** Exercise directions **
A line qualifies if it holds the string "blast". Copy every qualifying line from the records.

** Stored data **
• • •
(* Let $\mathbf{x}$ be a set of $d'$ distinct real numbers, let $[L,R]$ be an interval of integers (with $L\le R$), and let $n\le d'$ be a nonnegative integer. Consider any probabilistic process $P$ that chooses a uniformly random subset $S\subseteq\mathbf{x}$ of size $n$ and then selects (arbitrarily, possibly depending on $S$) a real interval $I=[I_\ell,I_r]$ such that $|S\cap I|\in[L,R]$. Then \[ \mathop{\mathbb{P}}_{(S,I)\sim P}\left[|\mathbf{x}\cap I|\in\left(\frac12L\frac{d'}{n},\,2R\frac{d'}{n}\right)\right]\ge 1-3d'\exp\left(-\frac{L}{6}\right). \] *)

theory Defs
  imports "HOL-Probability.Probability"
begin

text \<open>The process P: draw S uniformly among the n-subsets of xs, then draw the
  interval endpoints (a,b) (with a \<le> b) from a distribution K S that may depend on S,
  supported on intervals I = {a..b} with |S \<inter> I| in [L,R].\<close>

definition interval_process ::
  "real set \<Rightarrow> nat \<Rightarrow> (real set \<Rightarrow> (real \<times> real) pmf) \<Rightarrow> (real set \<times> (real \<times> real)) pmf" where
  "interval_process xs n K =
     bind_pmf (pmf_of_set {S. S \<subseteq> xs \<and> card S = n}) (\<lambda>S. map_pmf (\<lambda>I. (S, I)) (K S))"

end

theory Submission
  imports Defs
begin

(*
  For a point x of xs consider the longest run xs \<inter> {x..y} containing at most c1 = L d'/(2n)
  points of xs, and the shortest one containing at least c2 = 2R d'/n points. If the selected
  interval contains too few points of xs, it lies inside the first run of its leftmost point,
  which then meets S in at least L points; if it contains too many, it contains the second run,
  which then meets S in at most R points. A run is a fixed set B, so |S \<inter> B| is hypergeometric
  with mean |B| n/d', at most L/2 resp. at least 2R, and Chernoff bounds (Markov's inequality
  for 2^|S \<inter> B| resp. 2^|B - S|) give each of these 2d' events probability at most exp(-L/6).
  The hypergeometric moment generating function is dominated by the binomial one because a
  uniform n-subset contains a given t-set with probability at most (n/d')^t.
*)

section \<open>Hypergeometric tail bounds\<close>

lemma sum_Pow_power_card:
  fixes c :: "'a::comm_semiring_1"
  assumes "finite A"
  shows "(\<Sum>T\<in>Pow A. c ^ card T) = (1 + c) ^ card A"
  using prod_add[OF assms, of "\<lambda>_. c" "\<lambda>_. 1"] by (simp add: add.commute)
text \<open>The first t greedy bundles use at most t r items, so if (t + 1) r items are worth at
  least x, at least r of them are still available in round t.\<close>
lemma greedy_bundle_above_threshold:
  assumes "finite M" and run: "greedy_run N M v \<tau> k C \<sigma> A" and "t < card N"
    and "Suc t * greedy_size k \<tau> \<le> card {g\<in>M. x \<le> v g}"
    and "g \<in> C t (\<sigma> t)"
  shows "x \<le> v g"
proof -
  let ?r = "greedy_size k \<tau>"
  let ?H = "{g\<in>M. x \<le> v g}"
  define U where "U = (\<Union>s<t. C s (\<sigma> s))"
  have earlier: "C s (\<sigma> s) \<subseteq> M" "card (C s (\<sigma> s)) = ?r" if "s < t" for s
    using greedy_run_roundD(2,3)[OF run, of s] that assms(3) by auto
  have "card U \<le> (\<Sum>s<t. card (C s (\<sigma> s)))"
    unfolding U_def by (rule card_UN_le) simp
  also have "\<dots> = t * ?r"
    using earlier(2) by simp
  finally have "card U \<le> t * ?r" .
  moreover have "finite U"
    using earlier(1) assms(1) unfolding U_def by (meson UN_least finite_subset lessThan_iff)
  then have "card ?H - card U \<le> card (?H - U)"
    by (rule diff_card_le_card_Diff)
  moreover have "?H - U = {g\<in>M - U. x \<le> v g}"
    by blast
  ultimately have "?r \<le> card {g\<in>M - U. x \<le> v g}"
    using assms(4) by simp
  show ?thesis
  proof (rule max_sum_subset_above_threshold[of "M - U" "C t (\<sigma> t)"])
    show "finite (M - U)"
      using assms(1) by simp
    show "C t (\<sigma> t) \<subseteq> M - U"
      using greedy_run_roundD(2)[OF run assms(3)] by (simp add: U_def)
    show "card (C t (\<sigma> t)) \<le> card {g\<in>M - U. x \<le> v g}"
      using greedy_run_roundD(3)[OF run assms(3)] \<open>?r \<le> _\<close> by simp
    show "sum v T \<le> sum v (C t (\<sigma> t))" if "T \<subseteq> M - U" and "card T = card (C t (\<sigma> t))" for T
      using greedy_run_roundD(3,4)[OF run assms(3)] that by (simp add: U_def)
  qed (rule assms(5))
qed

lemma greedy_run_upper_count_ge:
  assumes "finite N" and "finite M" and "0 < k" and "0 \<le> \<tau>" and "\<tau> \<le> 1"
    and run: "greedy_run N M v \<tau> k C \<sigma> A" and B: "balanced_allocation N M k B"
  shows "card {i\<in>N. x \<le> qval v \<tau> (B i)} \<le> card {t\<in>{..<card N}. x \<le> qval v \<tau> (A (\<sigma> t))}"
proof -
  let ?r = "greedy_size k \<tau>"
  let ?I = "{i\<in>N. x \<le> qval v \<tau> (B i)}"
  have B_sub: "B i \<subseteq> M" and B_card: "card (B i) = k" if "i \<in> N" for i
    using B that by (auto simp: balanced_allocation_def is_allocation_def)
  have B_disj: "B i \<inter> B j = {}" if "i \<in> N" and "j \<in> N" and "i \<noteq> j" for i j
    using B that by (auto simp: balanced_allocation_def is_allocation_def)
  have "?r \<le> card {g\<in>B i. x \<le> v g}" if "i \<in> ?I" for i
  proof -
    from that have "i \<in> N" and "x \<le> qval v \<tau> (B i)"
      by auto
    moreover have "finite (B i)"
      using B_sub[OF \<open>i \<in> N\<close>] assms(2) by (rule finite_subset)
    ultimately show ?thesis
      using le_qval_iff[OF _ B_card assms(3-5)] by blast
  qed
  moreover have "finite {g\<in>M. x \<le> v g}" and "finite ?I"
    using assms(1,2) by simp_all
  ultimately have high: "card ?I * ?r \<le> card {g\<in>M. x \<le> v g}"
    using B_sub B_disj
    by (intro mult_le_card_if_disjoint_subsets[where F = "\<lambda>i. {g\<in>B i. x \<le> v g}"]) blast+
  have "card ?I \<le> card N"
    using assms(1) by (intro card_mono) auto
  have "x \<le> qval v \<tau> (A (\<sigma> t))" if "t < card ?I" for t
  proof -
    have t: "t < card N"
      using that \<open>card ?I \<le> card N\<close> by simp
    have "\<sigma> t \<in> N"
      using greedy_run_roundD(1)[OF run t] by blast
    then have A_sub: "A (\<sigma> t) \<subseteq> M" and A_card: "card (A (\<sigma> t)) = k"
      using greedy_run_balanced[OF run] by (auto simp: balanced_allocation_def is_allocation_def)
    have A_fin: "finite (A (\<sigma> t))"
      using A_sub assms(2) by (rule finite_subset)
    have "Suc t * ?r \<le> card ?I * ?r"
      using Suc_leI[OF that] by (rule mult_le_mono1)
    then have "x \<le> v g" if "g \<in> C t (\<sigma> t)" for g
      using greedy_bundle_above_threshold[OF assms(2) run t _ that] high by (meson le_trans)
    then have "C t (\<sigma> t) \<subseteq> {g\<in>A (\<sigma> t). x \<le> v g}"
      using greedy_run_roundD(5)[OF run t] by blast
    then have "card (C t (\<sigma> t)) \<le> card {g\<in>A (\<sigma> t). x \<le> v g}"
      using A_fin by (intro card_mono) simp_all
    then show ?thesis
      using le_qval_iff[OF A_fin A_card assms(3-5)] greedy_run_roundD(3)[OF run t] by simp
  qed
  then have "{..<card ?I} \<subseteq> {t\<in>{..<card N}. x \<le> qval v \<tau> (A (\<sigma> t))}"
    using \<open>card ?I \<le> card N\<close> by auto
  then have "card {..<card ?I} \<le> card {t\<in>{..<card N}. x \<le> qval v \<tau> (A (\<sigma> t))}"
    by (intro card_mono) simp_all
  then show ?thesis
    by simp
qed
• • •
** Response for this exercise **
    by blast
      using le_qval_iff[OF _ B_card assms(3-5)] by blast
    by (intro mult_le_card_if_disjoint_subsets[where F = "\<lambda>i. {g\<in>B i. x \<le> v g}"]) blast+
      using greedy_run_roundD(1)[OF run t] by blast
      using greedy_run_roundD(5)[OF run t] by blast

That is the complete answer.